Have you even thought of that? "
"Then stay here, " she said sadly, "they'll have you." They probably wouldn't have her anyway once he threw her out and wouldn't let her see them. It was all she could imagine now, and as she held them in her arms that night, she ached at the thought of never holding them again, but she knew she had to go to Victoria. Every ounce of her being and intuition said so.
She put Geoff to bed that night, and he had heard the argument and looked very worried. "It's Victoria, isn't it? " he whispered and she nodded. "Does Dad know now? "
"No, " she whispered, "and you mustn't tell him. I have to see her first, and then we'll tell him together.
But I want to talk to her."
"Do you think she'll be mad about the babies? " he asked wistfully and she kissed him again.
"Of course not, she'll love them." She tried to sound calmer than she felt.

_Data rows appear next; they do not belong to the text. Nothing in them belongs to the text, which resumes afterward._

definition independent_set :: "nat \<Rightarrow> (nat \<Rightarrow> nat \<Rightarrow> bool) \<Rightarrow> nat set \<Rightarrow> bool" where
  "independent_set n E I \<longleftrightarrow> I \<subseteq> {0..<n} \<and> (\<forall>i\<in>I. \<forall>j\<in>I. \<not> E i j)"

definition alpha :: "nat \<Rightarrow> (nat \<Rightarrow> nat \<Rightarrow> bool) \<Rightarrow> (nat \<Rightarrow> real) \<Rightarrow> real" where
  "alpha n E w = Max {(\<Sum>i\<in>I. w i) | I. independent_set n E I}"

end

(*
  Write <A> = tr (rho A). For a Hermitian C with C * C = s * 1, the variance
  <(C - <C>)^2> = s - <C>^2 is nonnegative, so <C>^2 <= s. Taking C = S_i gives
  |<S_i>| <= 1; taking C = a S_i + b S_j with a = <S_i>, b = <S_j> for anticommuting
  S_i, S_j gives C * C = (a^2 + b^2) * 1 and <C> = a^2 + b^2, hence a^2 + b^2 <= 1.
  So the vertices with <S_i>^2 > 1/2 form an independent set, and
  sum_i w_i |<S_i>|^k <= alpha(G, w) + (sum_i w_i) * 2^(-k/2).
  Conversely, the Pauli strings of a maximum-weight independent set commute and square
  to 1, so they have a common eigenvector; in the corresponding pure state
  |<S_i>| = 1 on that set, whence beta(G, w, k) >= alpha(G, w).
*)
theory Submission
  imports Defs
begin

section \<open>Kronecker products and Pauli strings\<close>

lemma sum_lessThan_mult: "(\<Sum>k<p*(q::nat). f k) = (\<Sum>a<p. \<Sum>b<q. f (a*q+b))"
  by (simp add: sum.nat_group[symmetric] sum.atLeastLessThan_shift_0 atLeast0LessThan comp_def add.commute)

Inside, she was frantic with terror for her sister.
"But will you stay with us when she comes back? You belong here now, " he said insistently and she smiled at him. She only hoped that Victoria would be coming back, whether to this house or not, no one knew now.
"That's why I have to go to Europe, to talk to her and make sure she's all right, and work all these things out with her."
"Will she die? " He looked suddenly surprised and a little frightened.
"Of course not, " she said, wishing she believed it. Oh God ... please, please don't let her die, she said to herself that night over and over as she lay in bed, next to Charles. For a long time, he said nothing to her, and then he rolled over in their bed and looked at her.
Olivia couldn't read what he was thinking.